Bug #2700
closedSegfault with version 1.4.38
Description
Lighttpd until version 1.4.37 was running with no problems on our servers.
With version 1.4.38 we get several segfaults a day, which we cannot fully trigger
(often it is triggered by the auto-preview function of trac).
I caught one while gdb is attached and this is the backtrace:
Program received signal SIGSEGV, Segmentation fault.

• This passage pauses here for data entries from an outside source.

(* Let $[x]_{ap}$ be a maximal ap-basic class (an ap-quasiattractor). Then for $z\in M$ we have $x<_{ap}z$ if and only if $z\in[x]_{ap}$. In particular, every ap-quasiattractor is compact.
   Context: Let $M\subset\mathbb{R}^d$ be closed. Let $F:M\to M$ be continuous with $\sup_{x\in M}\|F(x)\|<\infty$. Let $d(x,y)=\max_i|x_i-y_i|$. Suppose $M=M_0\cup M_1$ (disjoint) with $M_0$ closed, $F(M_0)\subseteq M_0$ and $F(M_1)\subseteq M_1$. ap-chain recurrence. For $\delta>0$, an ap $\delta$-pseudoorbit joining $x$ to $y$ is a tuple $(\xi_0,\dots,\xi_n)\in M^{n+1}$, $n\ge1$, with: - $\xi_0=x$ and $\xi_n=y$; - $\xi_i\in M_0\Rightarrow\xi_{i+1}\in M_0$; - $d(\xi_{i+1},F(\xi_i))<\delta$ for all $i$. Write $x<_{ap}y$ if for every $\delta>0$ such a pseudoorbit exists, and $x\sim_{ap}y$ if both $x<_{ap}y$ and $y<_{ap}x$. Let $\mathcal{R}_{ap}=\{x:x\sim_{ap}x\}$. The ap-basic classes are the equivalence classes $[x]_{ap}$ of $\sim_{ap}$ on $\mathcal{R}_{ap}$. Write $[x]_{ap}<_{ap}[y]_{ap}$ if $x<_{ap}y$. An ap-quasiattractor is a maximal ap-basic class, i.e. one such that $[x]_{ap}<_{ap}[y]_{ap}$ implies $[x]_{ap}=[y]_{ap}$. *)

theory Defs
  imports "HOL-Analysis.Analysis"
begin

text \<open>Points of R^d are modelled as vectors of type real^'n (d = CARD('n)).
  The metric is the maximum metric d(x,y) = max_i |x_i - y_i|.\<close>

definition dmax :: "real^'n \<Rightarrow> real^'n \<Rightarrow> real" where
  "dmax x y = Max (range (\<lambda>i. \<bar>x $ i - y $ i\<bar>))"

definition ap_pseudoorbit ::
  "(real^'n) set \<Rightarrow> (real^'n) set \<Rightarrow> (real^'n \<Rightarrow> real^'n) \<Rightarrow> real \<Rightarrow>
   real^'n \<Rightarrow> real^'n \<Rightarrow> (nat \<Rightarrow> real^'n) \<Rightarrow> nat \<Rightarrow> bool" where
  "ap_pseudoorbit M M0 F \<delta> x y \<xi> n \<longleftrightarrow>
     n \<ge> 1 \<and> (\<forall>i\<le>n. \<xi> i \<in> M) \<and> \<xi> 0 = x \<and> \<xi> n = y \<and>
     (\<forall>i<n. \<xi> i \<in> M0 \<longrightarrow> \<xi> (Suc i) \<in> M0) \<and>
     (\<forall>i<n. dmax (\<xi> (Suc i)) (F (\<xi> i)) < \<delta>)"

definition ap_less ::
  "(real^'n) set \<Rightarrow> (real^'n) set \<Rightarrow> (real^'n \<Rightarrow> real^'n) \<Rightarrow> real^'n \<Rightarrow> real^'n \<Rightarrow> bool" where
  "ap_less M M0 F x y \<longleftrightarrow> (\<forall>\<delta>>0. \<exists>\<xi> n. ap_pseudoorbit M M0 F \<delta> x y \<xi> n)"

definition ap_equiv ::
  "(real^'n) set \<Rightarrow> (real^'n) set \<Rightarrow> (real^'n \<Rightarrow> real^'n) \<Rightarrow> real^'n \<Rightarrow> real^'n \<Rightarrow> bool" where
  "ap_equiv M M0 F x y \<longleftrightarrow> ap_less M M0 F x y \<and> ap_less M M0 F y x"

definition R_ap :: "(real^'n) set \<Rightarrow> (real^'n) set \<Rightarrow> (real^'n \<Rightarrow> real^'n) \<Rightarrow> (real^'n) set" where
  "R_ap M M0 F = {x \<in> M. ap_equiv M M0 F x x}"

definition ap_class ::
  "(real^'n) set \<Rightarrow> (real^'n) set \<Rightarrow> (real^'n \<Rightarrow> real^'n) \<Rightarrow> real^'n \<Rightarrow> (real^'n) set" where
  "ap_class M M0 F x = {y \<in> R_ap M M0 F. ap_equiv M M0 F x y}"
(* Let $\mathbb{A}=(A,\backslash,/)$ be a residuation algebra. The following are equivalent: (1) The dual structure $\mathbb{A}^\delta_+$ is functional, i.e. $y\cdot z\in J^\infty(A^\delta)\cup\{\bot\}$ for all $y,z\in J^\infty(A^\delta)$. (2) For all $a,b,c\in A$ and all $x\in J^\infty(A^\delta)$ with $x\leq a$, there exists $a'\in A$ such that $x\leq a'$ and $a\backslash(b\vee c)\leq(a'\backslash b)\vee(a'\backslash c)$. (3) For all $x\in J^\infty(A^\delta)$, the map $x\backslash^\pi(\_):O(A^\delta)\to O(A^\delta)$ preserves binary joins, i.e. $x\backslash^\pi(o_1\vee o_2)=(x\backslash^\pi o_1)\vee(x\backslash^\pi o_2)$ for all $o_1,o_2\in O(A^\delta)$.
   Context: A residuation algebra is a structure $(A,\backslash,/)$ where $A$ is a bounded distributive lattice and $\backslash,/$ are binary operations on $A$ such that $\backslash$ preserves finite (including empty) meets in its second coordinate, $/$ preserves finite (including empty) meets in its first coordinate, and for all $a,b,c\in A$: $b\leq a\backslash c$ iff $a\leq c/b$. The canonical extension $A^\delta$ of $A$ is the complete lattice containing $A$ as a sublattice that is dense (every element is a join of meets and a meet of joins of elements of $A$) and compact (if $\bigwedge S\leq\bigvee T$ for $S,T\subseteq A$ then this holds for some finite subsets). Let $K(A^\delta)$ (resp. $O(A^\delta)$) be the set of meets (resp. joins) of subsets of $A$. The $\pi$-extension of $\backslash$ is: for $k\in K(A^\delta)$, $o\in O(A^\delta)$, $k\backslash^\pi o=\bigvee\{a\backslash b\mid a,b\in A,\ k\leq a,\ b\leq o\}$, and for arbitrary $u,v\in A^\delta$, $u\backslash^\pi v=\bigwedge\{k\backslash^\pi o\mid k\in K(A^\delta), o\in O(A^\delta), k\leq u, v\leq o\}$; $/^\pi$ is defined symmetrically ($/$ being monotone in the first and antitone in the second coordinate). There is a binary operation $\cdot$ on $A^\delta$ such that for all $u,v,w\in A^\delta$: $v\leq u\backslash^\pi w$ iff $u\cdot v\leq w$ iff $u\leq w/^\pi v$. $J^\infty(A^\delta)$ is the set of completely join-irreducible elements of $A^\delta$ (those $x$ with $x=\bigvee S\Rightarrow x\in S$ for all $S\subseteq A^\delta$). The dual structure $\mathbb{A}^\delta_+$ is $(J^\infty(A^\delta),\geq,R)$ with $R(x,y,z)$ iff $x\leq y\cdot z$. *)

theory Defs
  imports Main
begin

definition residuation_algebra ::
  "('a::{distrib_lattice,bounded_lattice} \<Rightarrow> 'a \<Rightarrow> 'a) \<Rightarrow> ('a \<Rightarrow> 'a \<Rightarrow> 'a) \<Rightarrow> bool" where
  "residuation_algebra ldiv rdiv \<longleftrightarrow>
     (\<forall>a. ldiv a top = top) \<and>
     (\<forall>a b c. ldiv a (inf b c) = inf (ldiv a b) (ldiv a c)) \<and>
     (\<forall>a. rdiv top a = top) \<and>
     (\<forall>a b c. rdiv (inf b c) a = inf (rdiv b a) (rdiv c a)) \<and>
     (\<forall>a b c. b \<le> ldiv a c \<longleftrightarrow> a \<le> rdiv c b)"

text \<open>Closed (K) and open (O) elements relative to the embedding e.\<close>
definition Kel :: "('a \<Rightarrow> 'c::complete_lattice) \<Rightarrow> 'c set" where
  "Kel e = {Inf (e ` S) | S. True}"

definition Oel :: "('a \<Rightarrow> 'c::complete_lattice) \<Rightarrow> 'c set" where
  "Oel e = {Sup (e ` S) | S. True}"

definition canonical_extension ::
  "('a::{distrib_lattice,bounded_lattice} \<Rightarrow> 'c::complete_lattice) \<Rightarrow> bool" where
  "canonical_extension e \<longleftrightarrow>
     inj e \<and>
     (\<forall>a b. e (inf a b) = inf (e a) (e b)) \<and>
     (\<forall>a b. e (sup a b) = sup (e a) (e b)) \<and>
     e bot = bot \<and> e top = top \<and>
     (\<forall>u. (\<exists>X. X \<subseteq> Kel e \<and> u = Sup X) \<and> (\<exists>Y. Y \<subseteq> Oel e \<and> u = Inf Y)) \<and>
     (\<forall>S T. Inf (e ` S) \<le> Sup (e ` T) \<longrightarrow>
        (\<exists>S' T'. finite S' \<and> S' \<subseteq> S \<and> finite T' \<and> T' \<subseteq> T \<and> Inf (e ` S') \<le> Sup (e ` T')))"

text \<open>pi-extension of the left residual (antitone in 1st, monotone in 2nd argument).\<close>
definition ldiv_KO :: "('a::order \<Rightarrow> 'c::complete_lattice) \<Rightarrow> ('a \<Rightarrow> 'a \<Rightarrow> 'a) \<Rightarrow> 'c \<Rightarrow> 'c \<Rightarrow> 'c" where
  "ldiv_KO e ldiv k p = Sup {e (ldiv a b) | a b. k \<le> e a \<and> e b \<le> p}"

definition ldiv_pi :: "('a::order \<Rightarrow> 'c::complete_lattice) \<Rightarrow> ('a \<Rightarrow> 'a \<Rightarrow> 'a) \<Rightarrow> 'c \<Rightarrow> 'c \<Rightarrow> 'c" where
  "ldiv_pi e ldiv u v = Inf {ldiv_KO e ldiv k p | k p. k \<in> Kel e \<and> p \<in> Oel e \<and> k \<le> u \<and> v \<le> p}"

text \<open>pi-extension of the right residual (monotone in 1st, antitone in 2nd argument).\<close>
definition rdiv_OK :: "('a::order \<Rightarrow> 'c::complete_lattice) \<Rightarrow> ('a \<Rightarrow> 'a \<Rightarrow> 'a) \<Rightarrow> 'c \<Rightarrow> 'c \<Rightarrow> 'c" where
  "rdiv_OK e rdiv p k = Sup {e (rdiv b a) | b a. e b \<le> p \<and> k \<le> e a}"

definition rdiv_pi :: "('a::order \<Rightarrow> 'c::complete_lattice) \<Rightarrow> ('a \<Rightarrow> 'a \<Rightarrow> 'a) \<Rightarrow> 'c \<Rightarrow> 'c \<Rightarrow> 'c" where
  "rdiv_pi e rdiv u v = Inf {rdiv_OK e rdiv p k | p k. p \<in> Oel e \<and> k \<in> Kel e \<and> u \<le> p \<and> k \<le> v}"

definition Jinf :: "'c::complete_lattice set" where
  "Jinf = {x. \<forall>S. x = Sup S \<longrightarrow> x \<in> S}"

end

theory Submission
  imports Defs
begin

(* Write x\o for the pi-extension of the left residual at a closed x and an open o. By
   compactness x\o is the directed join of the a\b with x <= e a and e b <= o, and every
   inequality between a closed and an open element is witnessed by an element of A. Hence (2)
   amounts to e (a\(b \<squnion> c)) <= x\(e b) \<squnion> x\(e c) whenever x <= e a, which is (3) for
   clopen arguments; (3) for arbitrary opens follows by splitting b <= o1 \<squnion> o2 as
   b <= j1 \<squnion> j2 with e j1 <= o1 and e j2 <= o2.
   For (3) => (1): y \<cdot> z is closed, and y \<cdot> z <= e a \<squnion> e b gives z <= y\(e a) \<squnion> y\(e b),
   so the completely join-prime z lies below one of the two, i.e. y \<cdot> z is join-prime.
   For (1) => (2): by the prime filter theorem an element e w not below an open p lies above a
   completely join-irreducible z not below p; for p = x\(e b) \<squnion> x\(e c) the join-prime
   x \<cdot> z <= e b \<squnion> e c excludes such a z. *)

section \<open>Prime filters in distributive lattices\<close>

definition lattice_filter :: "'a::bounded_lattice set \<Rightarrow> bool" where
  "lattice_filter F \<longleftrightarrow>
     top \<in> F \<and> (\<forall>x\<in>F. \<forall>y\<in>F. inf x y \<in> F) \<and> (\<forall>x y. x \<in> F \<longrightarrow> x \<le> y \<longrightarrow> y \<in> F)"

definition lattice_ideal :: "'a::bounded_lattice set \<Rightarrow> bool" where
  "lattice_ideal I \<longleftrightarrow>
     bot \<in> I \<and> (\<forall>x\<in>I. \<forall>y\<in>I. sup x y \<in> I) \<and> (\<forall>x y. x \<in> I \<longrightarrow> y \<le> x \<longrightarrow> y \<in> I)"

definition prime_filter :: "'a::bounded_lattice set \<Rightarrow> bool" where
  "prime_filter F \<longleftrightarrow> lattice_filter F \<and> (\<forall>x y. sup x y \<in> F \<longrightarrow> x \<in> F \<or> y \<in> F)"

lemma lattice_filterI:
  "top \<in> F \<Longrightarrow> (\<And>x y. x \<in> F \<Longrightarrow> y \<in> F \<Longrightarrow> inf x y \<in> F)
    \<Longrightarrow> (\<And>x y. x \<in> F \<Longrightarrow> x \<le> y \<Longrightarrow> y \<in> F) \<Longrightarrow> lattice_filter F"
  unfolding lattice_filter_def by blast

lemma lattice_filter_top: "lattice_filter F \<Longrightarrow> top \<in> F"
  and lattice_filter_inf: "lattice_filter F \<Longrightarrow> x \<in> F \<Longrightarrow> y \<in> F \<Longrightarrow> inf x y \<in> F"
  and lattice_filter_up: "lattice_filter F \<Longrightarrow> x \<in> F \<Longrightarrow> x \<le> y \<Longrightarrow> y \<in> F"
  unfolding lattice_filter_def by blast+

lemma lattice_ideal_down: "lattice_ideal I \<Longrightarrow> x \<in> I \<Longrightarrow> y \<le> x \<Longrightarrow> y \<in> I"
  and lattice_ideal_sup: "lattice_ideal I \<Longrightarrow> x \<in> I \<Longrightarrow> y \<in> I \<Longrightarrow> sup x y \<in> I"
  unfolding lattice_ideal_def by blast+

lemma lattice_filter_UNIV: "lattice_filter UNIV"
  by (rule lattice_filterI) simp_all

lemma lattice_filter_principal: "lattice_filter {y. w \<le> y}"
  by (rule lattice_filterI) auto

lemma lattice_filter_adjoin:
  assumes F: "lattice_filter F"
  shows "lattice_filter {z. \<exists>m\<in>F. inf m x \<le> z}"
proof (rule lattice_filterI)
  show "top \<in> {z. \<exists>m\<in>F. inf m x \<le> z}"
    using lattice_filter_top[OF F] by auto
next
  fix y z assume "y \<in> {z. \<exists>m\<in>F. inf m x \<le> z}" "z \<in> {z. \<exists>m\<in>F. inf m x \<le> z}"
  then obtain m1 m2 where m: "m1 \<in> F" "m2 \<in> F" "inf m1 x \<le> y" "inf m2 x \<le> z" by blast
  then have "inf (inf m1 m2) x \<le> inf y z"
    by (meson inf_le1 inf_le2 inf_mono le_inf_iff order_trans)
  then show "inf y z \<in> {z. \<exists>m\<in>F. inf m x \<le> z}"
    using lattice_filter_inf[OF F m(1,2)] by blast
next
  fix y z assume "y \<in> {z. \<exists>m\<in>F. inf m x \<le> z}" "y \<le> z"
  then show "z \<in> {z. \<exists>m\<in>F. inf m x \<le> z}" by (blast dest: order_trans)
qed

lemma maximal_filter_prime:
  fixes M I :: "'a::{distrib_lattice,bounded_lattice} set"
  assumes M: "lattice_filter M" and I: "lattice_ideal I" and disj: "M \<inter> I = {}"
    and maximal: "\<And>G. lattice_filter G \<Longrightarrow> G \<inter> I = {} \<Longrightarrow> M \<subseteq> G \<Longrightarrow> G = M"
  shows "prime_filter M"
proof -
  have meet_in_ideal: "\<exists>m\<in>M. inf m x \<in> I" if "x \<notin> M" for x
  proof (rule ccontr)
    assume none: "\<not> (\<exists>m\<in>M. inf m x \<in> I)"
    define G where "G = {z. \<exists>m\<in>M. inf m x \<le> z}"
    have "G \<inter> I = {}"
      using none lattice_ideal_down[OF I] unfolding G_def by blast
    moreover have "M \<subseteq> G"
      unfolding G_def by (auto intro: le_infI1)
    ultimately have "G = M"
      using maximal lattice_filter_adjoin[OF M] unfolding G_def by blast
    moreover have "x \<in> G"
      using lattice_filter_top[OF M] unfolding G_def by force
    ultimately show False using that by blast
  qed
  have "x \<in> M \<or> y \<in> M" if xy: "sup x y \<in> M" for x y
  proof (rule ccontr)
    assume "\<not> (x \<in> M \<or> y \<in> M)"
    then obtain m1 m2 where m: "m1 \<in> M" "m2 \<in> M" "inf m1 x \<in> I" "inf m2 y \<in> I"
      using meet_in_ideal by blast
    define m where "m = inf (inf m1 m2) (sup x y)"
    have "m \<in> M"
      unfolding m_def by (intro lattice_filter_inf[OF M] m xy)
    have "m = sup (inf (inf m1 m2) x) (inf (inf m1 m2) y)"
      unfolding m_def by (simp add: inf_sup_distrib1)
    also have "\<dots> \<le> sup (inf m1 x) (inf m2 y)"
      by (intro sup_mono inf_mono) auto
    finally have "m \<in> I"
      using lattice_ideal_down[OF I lattice_ideal_sup[OF I m(3,4)]] by blast
    then show False using \<open>m \<in> M\<close> disj by blast
  qed
  then show ?thesis using M unfolding prime_filter_def by blast
qed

GI_libc_free (mem=0x60) at malloc.c:2929
2929 malloc.c: No such file or directory.
(gdb) bt
#0 GI_libc_free (mem=0x60) at malloc.c:2929
#1 0x00007f8facd76868 in buffer_reset ()
#2 0x00007f8facd79a5c in ?? ()
#3 0x00007f8facd79b0e in ?? ()
#4 0x00007f8facd79fb7 in chunkqueue_reset ()
#5 0x00007f8facd6cdfa in connection_state_machine ()
#6 0x00007f8facd67fb7 in main ()
Other segfauls I could decode to the follwing line (with the help of addr2line):
Library: lighttpd, offset 0xd440
connection_handle_read_state
/usr/src/lighttpd-1.4.38/src/connections.c:929
which is the last line of
for (c = cq->first; c; c = c->next) {
size_t i;
size_t len = buffer_string_length(c->mem) - c->offset;
const char *b = c->mem->ptr + c->offset;
for (i = 0; i < len; ++i) {
char ch = b[i];
if ('\r' == ch) {
I must switch back to version 1.4.37 for my servers, but I'm open to test patches to solve the problem ...
Files
Updated by stbuehler about 9 years ago
we seem to suffer from some memory corruption, but I couldn't find the origin so far. It seems to be related to POST requests (or other requests with request body).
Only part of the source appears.